Heartland Industrial Partners
- Type: Private
- Industry: Private equity
- Founded: 1999; 27 years ago
- Founder: David Stockman, Timothy D. Leuliette, Daniel P. Tredwell
- Defunct: 2013
- Fate: closed
- Headquarters: Stamford, Connecticut, United States
- Products: Leveraged buyout, Growth capital

= Heartland Industrial Partners =

American private equity firm focused on industry consolidation

Heartland Industrial Partners was a private equity firm founded in 1999 focused on industry consolidation and growth capital investments in middle-market industrial companies.
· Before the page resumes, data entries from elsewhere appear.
lemma norm_Rmat_pad0:
  fixes v :: "real^'m::finite"
  shows "norm (\<chi> j. \<Sum>i\<in>UNIV. Rmat j i * pad0 v i) = norm v"
proof -
  define m where "m = real CARD('m)"
  define s where "s = sqrt (m + 1)"
  define \<beta> where "\<beta> = (1 - s) / (m * s)"
  define S where "S = (\<Sum>b\<in>UNIV. v $ b)"
  have m: "m > 0" and s: "s > 0" "s\<^sup>2 = m + 1"
    unfolding s_def m_def by simp_all
  have "(norm (\<chi> j. \<Sum>i\<in>UNIV. Rmat j i * pad0 v i))\<^sup>2 = (\<Sum>j\<in>UNIV. (\<Sum>i\<in>UNIV. Rmat j i * pad0 v i)\<^sup>2)"
    by (simp add: norm_vec_power2)
  also have "\<dots> = (\<Sum>i\<in>UNIV. Rmat None i * pad0 v i)\<^sup>2 + (\<Sum>a\<in>UNIV. (\<Sum>i\<in>UNIV. Rmat (Some a) i * pad0 v i)\<^sup>2)"
    by (rule sum_UNIV_option)
  also have "\<dots> = (- S / s)\<^sup>2 + (\<Sum>a\<in>UNIV. (v $ a + \<beta> * S)\<^sup>2)"
    by (simp only: Rmat_pad0_Some Rmat_pad0_None S_def \<beta>_def s_def m_def)
  also have "(\<Sum>a\<in>UNIV. (v $ a + \<beta> * S)\<^sup>2) = (\<Sum>a\<in>UNIV. (v $ a)\<^sup>2 + (2 * \<beta> * S) * v $ a + (\<beta> * S)\<^sup>2)"
    by (simp add: power2_eq_square algebra_simps)
  also have "\<dots> = (\<Sum>a\<in>UNIV. (v $ a)\<^sup>2) + (2 * \<beta> * S) * S + m * (\<beta> * S)\<^sup>2"
    by (simp add: sum.distrib sum_distrib_left[symmetric] S_def m_def)
  also have "(- S / s)\<^sup>2 + ((\<Sum>a\<in>UNIV. (v $ a)\<^sup>2) + (2 * \<beta> * S) * S + m * (\<beta> * S)\<^sup>2)
      = (\<Sum>a\<in>UNIV. (v $ a)\<^sup>2) + S\<^sup>2 * (2 * \<beta> + m * \<beta>\<^sup>2 + 1 / s\<^sup>2)"
    by (simp add: power2_eq_square field_simps)
  also have "2 * \<beta> + m * \<beta>\<^sup>2 + 1 / s\<^sup>2 = 0" \<comment> \<open>all terms involving \<open>S = \<Sum>v\<close> cancel\<close>
    unfolding \<beta>_def using m s by (rule Rmat_beta_identity)
  finally have "(norm (\<chi> j. \<Sum>i\<in>UNIV. Rmat j i * pad0 v i))\<^sup>2 = (norm v)\<^sup>2"
    by (simp add: norm_vec_power2)
  then show ?thesis
    by (rule power2_eq_imp_eq) simp_all
qed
The firm, which was based in Stamford, Connecticut, terminated its registration with the SEC in 2013.

==History==
The firm was founded in 1999 by former Reagan budget director David Stockman, Timothy Leuliette and Daniel Tredwell In 2001, the firm completed fundraising for its first and only private equity fund with approximately $1.4 billion of investor commitments.

===Collins & Aikman===
In 2005, it was reported that Stockman handed control of the fund, Heartland Industrial Partners, over to his partners following his resignation as chairman of Collins & Aikman, which was a major investment for the fund that ended in bankruptcy.
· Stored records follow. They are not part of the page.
lemma dirichlet_char_from_power_modulus:
  assumes chi: "dirichlet_char (d ^ k) chi" and "k > 0" "d \<ge> 1"
    and trivial: "\<And>x. [x = 1] (mod d) \<Longrightarrow> chi x = 1"
  shows "dirichlet_char d chi"
proof -
  have "chi (n + d) = chi n" for n
  proof (cases "coprime n d")
    case True
    then obtain n' where n': "[n * n' = 1] (mod d ^ k)"
      using \<open>k > 0\<close> cong_solve_coprime_int[of n "d ^ k"] by auto
    have "d dvd n * n' - 1"
      using cong_dvd_modulus[OF n', of d] \<open>k > 0\<close> by (simp add: cong_iff_dvd_diff)
    then have "d dvd (n * n' - 1) + n' * d" by simp
    then have "[n' * (n + d) = 1] (mod d)" by (simp add: cong_iff_dvd_diff algebra_simps)
    have "[n * n' * (n + d) = 1 * (n + d)] (mod d ^ k)" by (rule cong_scalar_right[OF n'])
    then have "chi (n + d) = chi (n * (n' * (n + d)))"
      by (intro dirichlet_char_cong[OF chi]) (simp add: cong_sym_eq mult.assoc)
    also have "\<dots> = chi n * chi (n' * (n + d))" by (rule dirichlet_char_mult[OF chi])
    also have "chi (n' * (n + d)) = 1" by (rule trivial) fact
    finally show ?thesis by simp
  next
    case False
    then have "\<not> coprime (n + d) d" by (simp add: coprime_add_self_left_iff)
    with False show ?thesis
      using dirichlet_char_eq_0_iff[OF chi, of n] dirichlet_char_eq_0_iff[OF chi, of "n + d"] \<open>k > 0\<close>
      by simp
  qed
  with assms show ?thesis unfolding dirichlet_char_def by simp
qed

section \<open>Extending characters of subgroups of the unit group\<close>

(* A subgroup of (Z/mZ)^*, represented by its full preimage in Z, and a character on it. *)
definition unit_subgroup :: "int \<Rightarrow> int set \<Rightarrow> bool" where
  "unit_subgroup m H \<longleftrightarrow> 1 \<in> H \<and> (\<forall>x\<in>H. \<forall>y\<in>H. x * y \<in> H) \<and> (\<forall>x\<in>H. coprime x m) \<and>
     (\<forall>x y. x \<in> H \<longrightarrow> [x = y] (mod m) \<longrightarrow> y \<in> H)"

definition subgroup_char :: "int \<Rightarrow> int set \<Rightarrow> (int \<Rightarrow> complex) \<Rightarrow> bool" where
  "subgroup_char m H psi \<longleftrightarrow> psi 1 = 1 \<and> (\<forall>x\<in>H. \<forall>y\<in>H. psi (x * y) = psi x * psi y) \<and>
     (\<forall>x\<in>H. \<forall>y. [x = y] (mod m) \<longrightarrow> psi y = psi x)"

lemma unit_subgroup_one: "unit_subgroup m H \<Longrightarrow> 1 \<in> H"
  and unit_subgroup_mult: "unit_subgroup m H \<Longrightarrow> x \<in> H \<Longrightarrow> y \<in> H \<Longrightarrow> x * y \<in> H"
  and unit_subgroup_coprime: "unit_subgroup m H \<Longrightarrow> x \<in> H \<Longrightarrow> coprime x m"
  and unit_subgroup_cong: "unit_subgroup m H \<Longrightarrow> x \<in> H \<Longrightarrow> [x = y] (mod m) \<Longrightarrow> y \<in> H"
  unfolding unit_subgroup_def by blast+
On March 26, 2007, federal prosecutors in Manhattan indicted Stockman in "a scheme ... to defraud Collins & Aikman's investors, banks and creditors by manipulating C&A's reported revenues and earnings." At the same time, the Securities and Exchange Commission brought civil charges against Stockman related to actions he took while CEO of Collins & Aikman. Stockman suffered a personal financial loss, estimated at $13 million, along with losses suffered by as many as 15,000 Collins & Aikman employees worldwide. Stockman said in a statement posted on his law firm's Web site that the company's collapse was the consequence of an industry melt-down, not fraud. In August 2008, a trial date was set but on January 9, 2009, the U.S. Attorney's Office announced that it did not intend to prosecute Stockman in this case.

Other investments in the Heartland portfolio included auto parts suppliers Metaldyne and TriMas as well as Springs Industries, a manufacturer of home furnishings.